One of the most cherished horses from the early days, developed by Schoenthal, was a $20,000 yearling that the novice Dorman insisted on buying in 2012. Sonny Inspired (Artie Schiller) won a bunch of stakes and nearly $650,000.

Sonny Inspired | Maryland Jockey Club

“Sonny's at the farm, just living the life,” Dorman says. “He's a great character, phenomenal with kids. When horses arrive on lay-up, he takes them in his paddock and tells them how they, too, can end up in retirement here. He was named for my father, whose gang nickname, growing up in Brooklyn, was Sonny.”

Arthur Dorman was plainly the source of his son's inborn determination, besides also being his route into racing.

“He was an eye doctor and served in the Merchant Marines and the U.S. Army during World War II,” Dorman recalls. “He was also a state senator for the first 37 years of my life. And in Maryland, politics and racing go hand-in-hand. He was very close with [Laurel supremo] Frank De Francis, we used to go to the track all the time and I just really enjoyed it. From right back then, in my goal book, it was like, 'When I hit this amount, I want to build out a racing stable.'”

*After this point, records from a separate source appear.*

lemma biq_coeffs_times_4_Ints:
  assumes "p > 0" "q > 0" "squarefree p" "squarefree q" "biq_degree4 p q"
    and "a \<in> \<rat>" "b \<in> \<rat>" "c \<in> \<rat>" "d \<in> \<rat>"
    and "algebraic_int (biq_elem p q a b c d)"
  shows "4 * b \<in> \<int>" "4 * c \<in> \<int>" "4 * d \<in> \<int>"
proof -
  obtain P :: "int poly" where P: "poly (of_int_poly P) (biq_elem p q a b c d) = 0" "lead_coeff P = 1"
    using assms(10) unfolding algebraic_int_altdef_ipoly by blast
  define E where "E s t = biq_emb p q s t a b c d" for s t
  define R where "R = (\<lambda>(s, t). E s t) ` (biq_signs \<times> biq_signs)"
  have fin: "finite R" by (simp add: R_def biq_signs_def)
  have roots: "poly (of_int_poly P) r = 0" if "r \<in> R" for r
    using that biq_emb_root_if_elem_root[OF assms(1,2,5-9) P(1)] by (auto simp: R_def E_def)
  obtain G where G: "finite G" "1 \<in> G" "\<And>r. r \<in> R \<Longrightarrow> stabilizes_int_span r G"
    using stabilizing_int_span_of_monic_roots[OF P(2) fin roots] by blast
  have E: "stabilizes_int_span (E s t) G" if "s \<in> {1, -1}" "t \<in> {1, -1}" for s t
    using that by (intro G(3)) (auto simp: R_def biq_signs_def)
  have "4 * b * sqrt p = E 1 1 + E 1 (-1) - E (-1) 1 - E (-1) (-1)"
    by (simp add: E_def biq_emb_def)
  then have "stabilizes_int_span (4 * b * sqrt p) G"
    by (simp only:) (intro stabilizes_int_span_add stabilizes_int_span_diff E; simp)
  then show "4 * b \<in> \<int>"
    using Ints_if_stabilizes_rat_mult_sqrt[OF G(1,2)] assms(1,3,7) by simp
  have "4 * c * sqrt q = E 1 1 - E 1 (-1) + E (-1) 1 - E (-1) (-1)"
    by (simp add: E_def biq_emb_def)
  then have "stabilizes_int_span (4 * c * sqrt q) G"
    by (simp only:) (intro stabilizes_int_span_add stabilizes_int_span_diff E; simp)
  then show "4 * c \<in> \<int>"
    using Ints_if_stabilizes_rat_mult_sqrt[OF G(1,2)] assms(2,4,8) by simp
  have "4 * d * sqrt (biq_r p q) = E 1 1 - E 1 (-1) - E (-1) 1 + E (-1) (-1)"
    by (simp add: E_def biq_emb_def)
  then have "stabilizes_int_span (4 * d * sqrt (biq_r p q)) G"
    by (simp only:) (intro stabilizes_int_span_add stabilizes_int_span_diff E; simp)
  then show "4 * d \<in> \<int>"
    using Ints_if_stabilizes_rat_mult_sqrt[OF G(1,2)] squarefree_biq_r[OF assms(1-4)] assms(9)
    by simp
qed

lemma biq_totally_positive_abs_lt:
  assumes "biq_totally_positive p q a b c d"
  shows "\<bar>b\<bar> * sqrt p < a" "\<bar>c\<bar> * sqrt q < a" "\<bar>d\<bar> * sqrt (biq_r p q) < a"
proof -
  have "biq_emb p q s t a b c d > 0" if "s \<in> {1, -1}" "t \<in> {1, -1}" for s t
    using assms that unfolding biq_totally_positive_def biq_signs_def by blast
  from this[of 1 1] this[of 1 "-1"] this[of "-1" 1] this[of "-1" "-1"]
  show "\<bar>b\<bar> * sqrt p < a" "\<bar>c\<bar> * sqrt q < a" "\<bar>d\<bar> * sqrt (biq_r p q) < a"
    unfolding biq_emb_def by (auto simp: abs_if)
qed

lemma biq_trace_eq: "biq_trace p q a b c d = 4 * a"
  by (simp add: biq_trace_def biq_signs_def biq_emb_def)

The turning point was the 2006 GI Kentucky Oaks. “We'd lost all our money,” he recalls with a chuckle. “I had 300 bucks left. And I put it all on Lemons Forever, who was the longest shot. And there we were, standing on our chairs, screaming as she turned for home. She paid a ton and I'm like, 'How's this work?'

“I got more into reading the Form, and what struck me was the money people were paying for horses. The business model of getting people liquored up and excited, getting them betting? That's great, I respect the tracks for that. But the real business model is breeding. And when I started looking into it, I saw that it was great to have a racing stable, but what you really wanted was the broodmares. And that's a long game. You got to last the course. But it's a wonderful game if you can.”

Now a family man himself, with four teenage sons, Dorman will always have a corrective whenever the vagaries of the Thoroughbred test that staunchness. Indeed, some of his horses are named in unobtrusive honor of the sister he lost.

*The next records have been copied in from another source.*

lemma star_vars_weaken:
  assumes \<rho>: "\<forall>a. \<rho> a \<subseteq> tuples n" and sub: "mset bs \<subseteq># mset as" and e: "e \<in> Y"
  shows "star_vars \<rho> (Delta n {e}) as \<subseteq> star_vars \<rho> (Delta n Y) bs"
proof -
  obtain cs where "mset cs = mset as - mset bs" by (metis ex_mset)
  then have "mset as = mset (cs @ bs)" using sub by (simp add: subset_mset.diff_add)
  then have "star_vars \<rho> (Delta n {e}) as = star_vars \<rho> (star_vars \<rho> (Delta n {e}) cs) bs"
    by (simp add: star_vars_perm[of as "cs @ bs"] star_vars_append)
  also have "\<dots> \<subseteq> star_vars \<rho> (Delta n Y) bs"
  proof (rule star_vars_mono)
    have "star_vars \<rho> (Delta n {e}) cs \<subseteq> Delta n {e}" using \<rho> by (rule star_vars_Delta_single)
    also have "\<dots> \<subseteq> Delta n Y" using e by (simp add: Delta_mono)
    finally show "star_vars \<rho> (Delta n {e}) cs \<subseteq> Delta n Y" .
  qed
  finally show ?thesis .
qed

lemma sem_starred_single_witness:
  assumes P: "\<forall>p \<eta>'. P p \<eta>' \<subseteq> heaps" and n: "n \<ge> 1" and av: "avfree (fst c)"
    and hs: "hs \<in> sem P n (starred c) \<eta> \<rho>"
  obtains e where "e \<in> usem P (fst c) \<eta>" "hs \<in> star_vars \<rho> (Delta n {e}) (snd c)"
proof -
  have "Delta n (usem P (fst c) \<eta>) = (\<Union>e\<in>usem P (fst c) \<eta>. Delta n {e})"
    by (auto simp: Delta_def)
  then have "hs \<in> (\<Union>e\<in>usem P (fst c) \<eta>. star_vars \<rho> (Delta n {e}) (snd c))"
    using hs by (simp add: sem_starred sem_avfree[OF P n av] star_vars_UN)
  then show ?thesis using that by blast
qed

lemma sem_conjs_le: "x \<in> set xs \<Longrightarrow> sem P n (conjs xs) \<eta> \<rho> \<subseteq> sem P n x \<eta> \<rho>"
  by (induction xs rule: conjs.induct) auto

lemma sem_disjs_ge: "x \<in> set xs \<Longrightarrow> sem P n x \<eta> \<rho> \<subseteq> sem P n (disjs xs) \<eta> \<rho>"
  by (induction xs rule: disjs.induct) auto

lemma mult_ge_subset_mset:
  assumes "mult_ge as bs V" "set bs \<subseteq> V"
  shows "mset bs \<subseteq># mset as"
proof (rule mset_subset_eqI)
  fix c
  show "count (mset bs) c \<le> count (mset as) c"
  proof (cases "c \<in> V")
    case True then show ?thesis using assms(1) by (simp add: mult_ge_def count_mset)
  next
    case False then have "c \<notin> set bs" using assms(2) by auto
    then show ?thesis by (simp add: count_mset count_list_0_iff)
  qed
qed

lemma PC_case_nonempty:
  assumes P: "\<forall>p \<eta>'. P p \<eta>' \<subseteq> heaps" and n: "n \<ge> 1" and \<rho>: "\<forall>a. \<rho> a \<subseteq> tuples n"
    and d: "avfree (fst d)" "set (snd d) \<subseteq> V"
    and e: "e \<in> sem1 P (fst d) \<eta>" "mult_ge (snd c) (snd d) V"
    and hs: "hs \<in> star_vars \<rho> (Delta n {e}) (snd c)"
  shows "hs \<in> sem P n (starred d) \<eta> \<rho>"
proof -
  have "star_vars \<rho> (Delta n {e}) (snd c) \<subseteq> star_vars \<rho> (Delta n (usem P (fst d) \<eta>)) (snd d)"
    using star_vars_weaken[OF \<rho> mult_ge_subset_mset[OF e(2) d(2)]] e(1) sem1_avfree[OF P d(1)]
    by simp
  then show ?thesis using hs by (simp add: sem_starred sem_avfree[OF P n d(1)] subset_iff)
qed

lemma PC_case_empty:
  assumes P: "\<forall>p \<eta>'. P p \<eta>' \<subseteq> heaps" and n: "n \<ge> 1"
    and d: "avfree (fst d)" "snd d = []"
    and E: "E \<in> sem1 P (fst d) \<eta>" "\<And>h. h \<in> set hs \<Longrightarrow> E \<subseteq>\<^sub>m h" and hs: "hs \<in> tuples n"
  shows "hs \<in> sem P n (starred d) \<eta> \<rho>"
  using E hs sem1_avfree[OF P d(1)]
  by (auto simp: sem_starred sem_avfree[OF P n d(1)] d(2) star_vars_def Delta_def)

lemma sem_conjs_witnesses:
  assumes P: "\<forall>p \<eta>'. P p \<eta>' \<subseteq> heaps" and n: "n \<ge> 1" and \<rho>: "\<forall>a. \<rho> a \<subseteq> tuples n"
    and L: "L \<noteq> []" "\<And>i. i < length L \<Longrightarrow> avfree (fst (L ! i))"
    and hs: "hs \<in> sem P n (conjs (map starred L)) \<eta> \<rho>"
  obtains e E where
    "\<And>i. i < length L \<Longrightarrow> e i \<in> usem P (fst (L ! i)) \<eta>"
    "\<And>i. i < length L \<Longrightarrow> hs \<in> star_vars \<rho> (Delta n {e i}) (snd (L ! i))"
    "\<And>i. i < length L \<Longrightarrow> e i \<subseteq>\<^sub>m E"
    "E \<in> heaps" "hs \<in> tuples n" "\<And>h. h \<in> set hs \<Longrightarrow> E \<subseteq>\<^sub>m h"
proof -
  have "\<exists>e. e \<in> usem P (fst (L ! i)) \<eta> \<and> hs \<in> star_vars \<rho> (Delta n {e}) (snd (L ! i))"
    if i: "i < length L" for i
  proof -
    have "starred (L ! i) \<in> set (map starred L)" using i by simp
    then have "hs \<in> sem P n (starred (L ! i)) \<eta> \<rho>"
      using sem_conjs_le[of _ _ P n \<eta> \<rho>] hs by blast
    then show ?thesis using sem_starred_single_witness[OF P n L(2)[OF i]] by metis
  qed
  then obtain e where e: "\<And>i. i < length L \<Longrightarrow> e i \<in> usem P (fst (L ! i)) \<eta>"
    "\<And>i. i < length L \<Longrightarrow> hs \<in> star_vars \<rho> (Delta n {e i}) (snd (L ! i))"
    by metis
  have eD: "hs \<in> Delta n {e i}" if "i < length L" for i
    using star_vars_Delta_single[OF \<rho>] e(2)[OF that] by blast
  then have th: "hs \<in> tuples n" using L(1) by (auto simp: Delta_def)
  then have "hs \<noteq> []" "set hs \<subseteq> heaps" using n by (auto simp: tuples_def)
  moreover have "\<And>i h. i \<in> {..<length L} \<Longrightarrow> h \<in> set hs \<Longrightarrow> e i \<subseteq>\<^sub>m h"
    using eD by (auto simp: Delta_def)
  ultimately obtain E where E: "E \<in> heaps" "\<And>i. i \<in> {..<length L} \<Longrightarrow> e i \<subseteq>\<^sub>m E"
    "\<And>h. h \<in> set hs \<Longrightarrow> E \<subseteq>\<^sub>m h"
    using glue_lower_bounds[of hs "{..<length L}" e] by metis
  show ?thesis by (rule that) (use e th E in auto)
qed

“She was very different than the rest of us, but she just had bad luck,” he reflects. “The rest of us are just very fortunate. We work hard, yes, but basically we're fortunate. Anyway hopefully we've made some good come out of it.”

To have prospered via such tragedy naturally gives rise to complex emotions. But strictly in terms of discovering where his business skills could thrive, Dorman admits that selling the company left a different kind of void.

“I failed miserably at being retired,” he says wryly. “Anybody will tell you that. And so I started another software company last year, this time an electronic health record in physical therapy. That's really important, too, especially to veterans.”

In the end, everything Dorman does will always have a family inspiration behind it: whether a single night of tragedy, or the broader legacy of a patriarch who had always led by example.

“My father was self-made and, unlike a lot of politicians, he was home every night,” Dorman says. “He was a doctor first and a legislator second. And very independent. That was back in the 'machine' days, but he did the right thing even when it would cost him. He was phenomenal. Didn't say a whole lot, but when he did, it meant plenty. And it was him that taught me you can do whatever you want. You just need a vision, to stay true to your word, and treat people how you want to be treated. If you can do all that, life gets easy.”